Quarterbridge Road (The Quarters or Quarter Dub – quarterlands of Ballabrooie and Ballaquayle) is a section of roadway notable for its inclusion in the Isle of Man TT races.

It is adjacent to the 1st Milestone road-side marker measured from the startline at TT Grandstand used for the Snaefell Mountain Course on the primary A2 Ramsey to Douglas road in the town of Douglas, Isle of Man.

The Quarterbridge Road runs from the bottom of Bray Hill to the major road junction at the Quarterbridge, where it meets the primary A1 Douglas to Peel road and the A5 Douglas to Port Erin road. The A2 Quarterbridge Road also has minor side-road junctions in the residential outskirts of Douglas town.

The start of Quarterbridge Road is the site of the area which famously became known as Ago's Leap, after motorsport photographer, the late B.R. 'Nick' Nicholls, took a photograph of motorcycle racer Giacomo Agostini wheelying during the 1970 TT Senior race riding his MV Agusta.

==History==

The A2 Quarterbridge Road was part of the Highland Course and Four Inch Course used for the Gordon Bennett Trial and Tourist Trophy car races between 1904 and 1922. For the 1906 Tourist Trophy car race, the start was moved from the Quarterbridge/A5 New Castletown Road to the Quarterbridge Road/Alexander Drive road junction adjacent to a property called 'Woodlands' in Douglas town.

The start line for the 1908 Tourist Trophy car race was again moved from the Quarterbridge Road to Hillberry Corner as part of the then-new Four Inch Course.

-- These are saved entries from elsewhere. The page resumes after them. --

lemma mech_prob_remove_le:
  assumes "finite F" "finite R" "x \<notin> R" "0 < e" "0 < K"
  shows "mech_prob e F R P \<le> K * mech_prob e F (insert x R) P + K powr (-1 / (exp e - 1))"
  using assms
proof (induction "card F" arbitrary: F R P K rule: less_induct)
  case less
  define a where "a = exp e - 1"
  have a: "0 < a" unfolding a_def using less.prems(4) by simp
  have M_nonneg: "0 \<le> K * mech_prob e F (insert x R) P"
    using less.prems(5) mech_prob_nonneg[of e F "insert x R" P] by simp
  consider "K < 1" | "1 \<le> K" "F = {}" | "1 \<le> K" "F \<noteq> {}" by linarith
  then show ?case
  proof cases
    case 1
    have "0 \<le> -1 / a * ln K" using 1 a less.prems(5) by (intro mult_nonpos_nonpos) auto
    then have "1 \<le> K powr (-1 / a)" using less.prems(5) by (simp add: powr_def)
    then show ?thesis
      using mech_prob_le_1[OF less.prems(1), of e R P] M_nonneg unfolding a_def by linarith
  next
    case 2
    then have "mech_prob e F R P \<le> K * mech_prob e F (insert x R) P"
      by (simp add: mech_prob_empty_family)
    then show ?thesis by (intro add_increasing2) auto
  next
    case 3
    define w where "w = em_weight e R"
    define p where "p = sum w (F \<inter> {S. x \<in> S}) / sum w F"
    define K' where "K' = K / (1 + a * p)"
    let ?M = "\<lambda>R S. mech_prob e (F - {S}) (R - S) {ys. S # ys \<in> P}"
    have w_nonneg: "0 \<le> w S" for S unfolding w_def using em_weight_pos by (rule less_imp_le)
    have "0 \<le> p" unfolding p_def by (intro divide_nonneg_nonneg sum_nonneg w_nonneg)
    have "sum w (F \<inter> {S. x \<in> S}) \<le> sum w F"
      using less.prems(1) w_nonneg by (intro sum_mono2) auto
    then have "p \<le> 1"
      unfolding p_def w_def using sum_em_weight_pos[OF less.prems(1) 3(2), of e R] by simp
    have K': "0 < K'" unfolding K'_def using less.prems(5) a \<open>0 \<le> p\<close> by (simp add: add_pos_nonneg)
    have weight_insert: "em_weight e (insert x R) = (\<lambda>S. if S \<in> {S. x \<in> S} then (1 + a) * w S else w S)"
      using less.prems(2,3) by (auto simp: em_weight_insert a_def w_def)
    have "mech_prob e F R P = (\<Sum>S\<in>F. w S / sum w F * ?M R S)"
      unfolding w_def by (rule mech_prob_first_step[OF less.prems(1) 3(2)])
    also have "\<dots> \<le> K * (\<Sum>S\<in>F. em_weight e (insert x R) S / sum (em_weight e (insert x R)) F
                          * ?M (insert x R) S) + (1 - p) * K' powr (-1 / a)"
    proof (rule weighted_average_reweight_le[OF less.prems(1) 3(2) _ _ 3(1) weight_insert p_def])
      fix S assume S: "S \<in> F - {S. x \<in> S}"
      then have "insert x R - S = insert x (R - S)" by auto
      moreover have "card (F - {S}) < card F" using less.prems(1) S by (intro card_Diff1_less) auto
      ultimately have "?M R S \<le> K' * ?M (insert x R) S + K' powr (-1 / a)"
        using less.hyps[of "F - {S}" "R - S" K'] less.prems K' unfolding a_def by simp
      then show "?M R S \<le> K / (1 + a * p) * ?M (insert x R) S + K' powr (-1 / a)"
        unfolding K'_def .
    next
      fix S assume "S \<in> F \<inter> {S. x \<in> S}"
      then show "?M R S \<le> ?M (insert x R) S" by simp
    qed (use a in \<open>simp_all add: w_def em_weight_pos mech_prob_nonneg\<close>)
    also have "\<dots> = K * mech_prob e F (insert x R) P + (1 - p) * (K / (1 + a * p)) powr (-1 / a)"
      by (simp add: mech_prob_first_step[OF less.prems(1) 3(2)] K'_def)
    also have "\<dots> \<le> K * mech_prob e F (insert x R) P + K powr (-1 / a)"
      using one_minus_mult_powr_div_le[OF a \<open>0 \<le> p\<close> \<open>p \<le> 1\<close> less.prems(5)] by simp
    finally show ?thesis unfolding a_def .
  qed
qed

lemma privacy_parameter_bounds:
  fixes \<epsilon> \<delta> \<epsilon>' :: real
  assumes "0 < \<epsilon>" "\<epsilon> < 1" "0 < \<delta>" "\<delta> < 1 / exp 1" "\<epsilon>' = \<epsilon> / (2 * ln (exp 1 / \<delta>))"
  shows "0 < \<epsilon>'" "\<epsilon>' \<le> \<epsilon>" "exp \<epsilon> powr (-1 / (exp \<epsilon>' - 1)) \<le> \<delta>"
proof -
  define L where "L = ln (exp 1 / \<delta>)"
  have L: "L = 1 - ln \<delta>" unfolding L_def using assms(3) by (simp add: ln_div)
  have "ln \<delta> < ln (1 / exp 1)" using assms(3,4) by simp
  then have "2 < L" using L by (simp add: ln_div)
  have \<epsilon>': "\<epsilon>' = \<epsilon> / (2 * L)" using assms(5) L_def by simp
  show "0 < \<epsilon>'" "\<epsilon>' \<le> \<epsilon>" using \<epsilon>' \<open>2 < L\<close> assms(1) by (auto simp: divide_le_eq)
  have "\<epsilon>' \<le> 1 / 2" unfolding \<epsilon>' using \<open>2 < L\<close> assms(1,2) by (simp add: divide_le_eq)
  define a where "a = exp \<epsilon>' - 1"
  have "0 < a" unfolding a_def using \<open>0 < \<epsilon>'\<close> by simp
  have "exp \<epsilon>' \<le> 1 + 2 * \<epsilon>'" using real_exp_bound_lemma \<open>0 < \<epsilon>'\<close> \<open>\<epsilon>' \<le> 1 / 2\<close> by simp
  then have "a * L \<le> \<epsilon>" unfolding a_def \<epsilon>' using \<open>2 < L\<close> by (simp add: field_simps)
  then have "- ln \<delta> * a \<le> \<epsilon>" using \<open>0 < a\<close> unfolding L by (simp add: algebra_simps)
  then have "- ln \<delta> \<le> \<epsilon> / a" using \<open>0 < a\<close> by (simp add: le_divide_eq)
  then have "-1 / a * \<epsilon> \<le> ln \<delta>" by simp
  then have "exp (-1 / a * \<epsilon>) \<le> \<delta>" using assms(3) by (metis exp_le_cancel_iff exp_ln)
  then show "exp \<epsilon> powr (-1 / (exp \<epsilon>' - 1)) \<le> \<delta>" unfolding a_def by (simp add: powr_def)
qed

theorem mainTheorem10:
  fixes U :: "'a set" and \<S> :: "'a set set" and m :: nat
    and \<epsilon> \<delta> \<epsilon>' :: real and A B :: "'a set" and P :: "'a set list set"
  assumes "finite U"
    and "\<S> \<subseteq> Pow U"
    and "card \<S> = m"
    and "0 < \<epsilon>" and "\<epsilon> < 1"
    and "0 < \<delta>" and "\<delta> < 1 / exp 1"
    and "\<epsilon>' = \<epsilon> / (2 * ln (exp 1 / \<delta>))"
    and "A \<subseteq> U" and "B \<subseteq> U"
    and "card ((A - B) \<union> (B - A)) = 1"
  shows "mech_prob \<epsilon>' \<S> A P \<le> exp \<epsilon> * mech_prob \<epsilon>' \<S> B P + \<delta>"
proof -
  have fin: "finite \<S>" "finite A" "finite B"
    using assms(1,2,9,10) by (meson finite_Pow_iff finite_subset)+
  note \<epsilon>' = privacy_parameter_bounds[OF assms(4-8)]
  obtain x where "(A - B) \<union> (B - A) = {x}" using assms(11) card_1_singletonE by blast
  then have "x \<in> A - B \<or> x \<in> B - A" "A - B \<subseteq> {x}" "B - A \<subseteq> {x}" by auto
  then consider "A = insert x B" "x \<notin> B" | "B = insert x A" "x \<notin> A" by blast
  then show ?thesis
  proof cases
    case 1
    have "mech_prob \<epsilon>' \<S> A P \<le> exp \<epsilon>' * mech_prob \<epsilon>' \<S> B P"
      using 1 mech_prob_insert_le[OF fin(1,3) 1(2)] \<epsilon>'(1) by simp
    also have "\<dots> \<le> exp \<epsilon> * mech_prob \<epsilon>' \<S> B P"
      using \<epsilon>'(2) mech_prob_nonneg by (intro mult_right_mono) auto
    finally show ?thesis using assms(6) by simp
  next
    case 2
    then show ?thesis
      using mech_prob_remove_le[OF fin(1,2) 2(2) \<epsilon>'(1), of "exp \<epsilon>" P] \<epsilon>'(3) by simp
  qed
qed

end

The A2 Quarterbridge Road is part of the Snaefell Mountain Course used for the motorcycle TT races (since 1911) and the Manx Grand Prix (since 1923). The start line for the 1911 TT races was originally situated on the level section of the Quarterbridge Road between Selborne Drive and the 1st Milestone/Alexander Drive.

The start line and refuelling area was moved to the top of Bray Hill for the 1914 TT races, and then moved in 1920 to the Nobles Park area of the A2 Glencrutchery Road with the junction of Greenfield Road in Douglas.

During the 1953 Senior TT, the inaugural 1949 500 cc World Champion Les Graham lost control of his 500 cc MV Agusta motorcycle on lap two of the race on the uneven surface of the Quarterbridge Road and fatally crashed. A fatal accident to the Australian competitor Geoffrey Walker during the same race at Kerrowmoar prompted major safety revisions and alterations to the Snaefell Mountain Course during the winter of 1953/54. This included the widening of the Quarterbridge Road at the Quarterbridge junction with A1 Peel Road.

The A2 Quarterbridge Road, including junctions with Selborne Drive and Brunswick Drive and the A2 Bray Hill, were subjected to major road repairs and re-profiling during the winter of 1978/79 by the Isle of Man Highway Board. This followed fatal accidents during the start of the 1978 Sidecar TT Race 'A' to the Swiss sidecar competitor Ernst Trachsel on Quarterbridge Road and the sidecar crew of Mac Hobson/Kenny Birch on nearby Bray Hill.